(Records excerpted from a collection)
=== Section Start ===

(* Let $m,n,w,d$ be positive integers with $w\le m$. For any positive integer $a$, $$A(am,n,w,d)\ge C\left(a,n,\left\lceil\frac{d}{w}\right\rceil\right)A(m,n,w,d).$$ Furthermore, if $a$ divides $w$ and $d\le nw\frac{a-1}{a}$, then $$A(am,n,w,d)\ge C\left(a,n,\left\lceil\frac{d}{w}\right\rceil\right)A(m,n,w,d)+A\left(m,an,\frac{w}{a},d\right).$$
   Context: $J(m,w)$ denotes the set of binary vectors of length $m$ and Hamming weight $w$. Elements of $J(m,w)^n$ are identified with $m\times n$ binary matrices all of whose columns have weight $w$, with binary Hamming distance. $A(m,n,w,d)$ is the maximum cardinality of a nonempty subset of $J(m,w)^n$ with pairwise Hamming distances at least $2d$. $C(q,n,d)$ is the maximum cardinality of a nonempty subset of $[q]^n$, $[q]=\{0,\dots,q-1\}$, with pairwise Hamming distances (number of differing coordinates) at least $d$. *)

theory Defs
  imports Complex_Main
begin

text \<open>Elements of J(m,w)^n, identified with m x n binary matrices all of whose
columns have weight w. A matrix is a function x :: nat => nat => bool where x i j is
the entry in row i < m and column j < n; entries outside the range are False
(so the set is finite and each matrix has a unique representative).\<close>
definition Jmat :: "nat \<Rightarrow> nat \<Rightarrow> nat \<Rightarrow> (nat \<Rightarrow> nat \<Rightarrow> bool) set" where
  "Jmat m n w = {x. (\<forall>i j. x i j \<longrightarrow> i < m \<and> j < n) \<and>
                    (\<forall>j<n. card {i. i < m \<and> x i j} = w)}"

definition bdist :: "nat \<Rightarrow> nat \<Rightarrow> (nat \<Rightarrow> nat \<Rightarrow> bool) \<Rightarrow> (nat \<Rightarrow> nat \<Rightarrow> bool) \<Rightarrow> nat" where
  "bdist m n x y = card {(i, j). i < m \<and> j < n \<and> x i j \<noteq> y i j}"

definition A_code :: "nat \<Rightarrow> nat \<Rightarrow> nat \<Rightarrow> nat \<Rightarrow> nat" where
  "A_code m n w d = Max {card S | S. S \<subseteq> Jmat m n w \<and> S \<noteq> {} \<and>
      (\<forall>x\<in>S. \<forall>y\<in>S. x \<noteq> y \<longrightarrow> 2 * d \<le> bdist m n x y)}"

definition qwords :: "nat \<Rightarrow> nat \<Rightarrow> (nat \<Rightarrow> nat) set" where
  "qwords q n = {x. (\<forall>j<n. x j < q) \<and> (\<forall>j\<ge>n. x j = 0)}"

definition hdist :: "nat \<Rightarrow> (nat \<Rightarrow> nat) \<Rightarrow> (nat \<Rightarrow> nat) \<Rightarrow> nat" where
  "hdist n x y = card {j. j < n \<and> x j \<noteq> y j}"

definition C_code :: "nat \<Rightarrow> nat \<Rightarrow> nat \<Rightarrow> nat" where
  "C_code q n d = Max {card S | S. S \<subseteq> qwords q n \<and> S \<noteq> {} \<and>
      (\<forall>x\<in>S. \<forall>y\<in>S. x \<noteq> y \<longrightarrow> d \<le> hdist n x y)}"

end

theory Submission
  imports Defs
begin

text \<open>Split the am rows into a blocks of m rows. For a word c of [a]^n and x in J(m,w)^n,
place column j of x into block c j. Placed matrices with the same c are exactly as far apart
as the x's; where c and c' differ, the two placed columns have disjoint supports, so the
distance is at least 2w d_H(c,c') \<ge> 2w\<lceil>d/w\<rceil> \<ge> 2d.
If w = at, a code in J(m,t)^(an) yields further codewords by stacking its a groups of n columns
on top of each other. A stacked column has only t ones in each block, so it shares at most t
ones with a placed column, which puts the two codes at distance at least 2n(at - t) \<ge> 2d.\<close>

definition cw_code :: "nat \<Rightarrow> nat \<Rightarrow> nat \<Rightarrow> nat \<Rightarrow> (nat \<Rightarrow> nat \<Rightarrow> bool) set \<Rightarrow> bool" where
  "cw_code m n w d S \<longleftrightarrow>
     S \<subseteq> Jmat m n w \<and> S \<noteq> {} \<and> (\<forall>x\<in>S. \<forall>y\<in>S. x \<noteq> y \<longrightarrow> 2 * d \<le> bdist m n x y)"

definition qary_code :: "nat \<Rightarrow> nat \<Rightarrow> nat \<Rightarrow> (nat \<Rightarrow> nat) set \<Rightarrow> bool" where
  "qary_code q n d S \<longleftrightarrow>
     S \<subseteq> qwords q n \<and> S \<noteq> {} \<and> (\<forall>x\<in>S. \<forall>y\<in>S. x \<noteq> y \<longrightarrow> d \<le> hdist n x y)"

definition place :: "nat \<Rightarrow> (nat \<Rightarrow> nat) \<Rightarrow> (nat \<Rightarrow> nat \<Rightarrow> bool) \<Rightarrow> nat \<Rightarrow> nat \<Rightarrow> bool" where
  "place m c x = (\<lambda>i j. i div m = c j \<and> x (i mod m) j)"

definition place_code ::
    "nat \<Rightarrow> (nat \<Rightarrow> nat) set \<Rightarrow> (nat \<Rightarrow> nat \<Rightarrow> bool) set \<Rightarrow> (nat \<Rightarrow> nat \<Rightarrow> bool) set" where
  "place_code m E D = case_prod (place m) ` (E \<times> D)"

definition stack :: "nat \<Rightarrow> nat \<Rightarrow> (nat \<Rightarrow> nat \<Rightarrow> bool) \<Rightarrow> nat \<Rightarrow> nat \<Rightarrow> bool" where
  "stack m n y = (\<lambda>i j. j < n \<and> y (i mod m) (i div m * n + j))"


lemma card_le_Max_card:
  assumes "P S" "finite U" "\<And>S. P S \<Longrightarrow> S \<subseteq> U"
  shows "card S \<le> Max {card S | S. P S}"
proof (rule Max_ge)
  show "finite {card S | S. P S}"
    by (rule finite_subset[of _ "{..card U}"]) (use assms in \<open>auto intro: card_mono\<close>)
qed (use assms(1) in blast)

lemma Max_card_attained:
  assumes "P S\<^sub>0" "finite U" "\<And>S. P S \<Longrightarrow> S \<subseteq> U"
  shows "\<exists>S. P S \<and> card S = Max {card S | S. P S}"
proof -
  have "finite {card S | S. P S}"
    by (rule finite_subset[of _ "{..card U}"]) (use assms in \<open>auto intro: card_mono\<close>)
  moreover have "{card S | S. P S} \<noteq> {}" using assms(1) by blast
  ultimately have "Max {card S | S. P S} \<in> {card S | S. P S}" by (rule Max_in)
  then show ?thesis by force
qed

lemma finite_Jmat: "finite (Jmat m n w)"
proof -
  have "(\<lambda>x. {(i, j). x i j}) ` Jmat m n w \<subseteq> Pow ({..<m} \<times> {..<n})"
    by (auto simp: Jmat_def)
  then have "finite ((\<lambda>x. {(i, j). x i j}) ` Jmat m n w)"
    by (rule finite_subset) auto
  moreover have "inj_on (\<lambda>x. {(i, j). x i j}) (Jmat m n w)"
    by (auto simp: inj_on_def fun_eq_iff)
  ultimately show ?thesis by (blast dest: finite_imageD)
qed

lemma finite_qwords: "finite (qwords q n)"
proof -
  have "(\<lambda>x. map x [0..<n]) ` qwords q n \<subseteq> {xs. set xs \<subseteq> {..<q} \<and> length xs = n}"
    by (auto simp: qwords_def)
  then have "finite ((\<lambda>x. map x [0..<n]) ` qwords q n)"
    by (rule finite_subset) (simp add: finite_lists_length_eq)
  moreover have "inj_on (\<lambda>x. map x [0..<n]) (qwords q n)"
  proof (rule inj_onI, rule ext)
    fix x y j assume "x \<in> qwords q n" "y \<in> qwords q n" "map x [0..<n] = map y [0..<n]"
    then show "x j = y j"
      by (cases "j < n") (metis add_0 diff_zero nth_map_upt, simp add: qwords_def)
  qed
  ultimately show ?thesis by (blast dest: finite_imageD)
qed

lemma A_code_eq_Max: "A_code m n w d = Max {card S | S. cw_code m n w d S}"
  by (simp add: A_code_def cw_code_def)

lemma C_code_eq_Max: "C_code q n d = Max {card S | S. qary_code q n d S}"
  by (simp add: C_code_def qary_code_def)

lemma card_le_A_code: "cw_code m n w d S \<Longrightarrow> card S \<le> A_code m n w d"
  unfolding A_code_eq_Max
  by (rule card_le_Max_card[OF _ finite_Jmat]) (auto simp: cw_code_def)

=== Section End ===

* EXERCISE REQUIREMENTS *
Starting with the line with "the entry in" above and going on through the line with "(\<forall>j<n. x j", transcribe every line exactly, both ends included, and add nothing.

* OUTPUT FOR THIS EXERCISE *
the entry in row i < m and column j < n; entries outside the range are False
(so the set is finite and each matrix has a unique representative).\<close>
definition Jmat :: "nat \<Rightarrow> nat \<Rightarrow> nat \<Rightarrow> (nat \<Rightarrow> nat \<Rightarrow> bool) set" where
  "Jmat m n w = {x. (\<forall>i j. x i j \<longrightarrow> i < m \<and> j < n) \<and>
                    (\<forall>j<n. card {i. i < m \<and> x i j} = w)}"

definition bdist :: "nat \<Rightarrow> nat \<Rightarrow> (nat \<Rightarrow> nat \<Rightarrow> bool) \<Rightarrow> (nat \<Rightarrow> nat \<Rightarrow> bool) \<Rightarrow> nat" where
  "bdist m n x y = card {(i, j). i < m \<and> j < n \<and> x i j \<noteq> y i j}"

definition A_code :: "nat \<Rightarrow> nat \<Rightarrow> nat \<Rightarrow> nat \<Rightarrow> nat" where
  "A_code m n w d = Max {card S | S. S \<subseteq> Jmat m n w \<and> S \<noteq> {} \<and>
      (\<forall>x\<in>S. \<forall>y\<in>S. x \<noteq> y \<longrightarrow> 2 * d \<le> bdist m n x y)}"

definition qwords :: "nat \<Rightarrow> nat \<Rightarrow> (nat \<Rightarrow> nat) set" where
  "qwords q n = {x. (\<forall>j<n. x j < q) \<and> (\<forall>j\<ge>n. x j = 0)}"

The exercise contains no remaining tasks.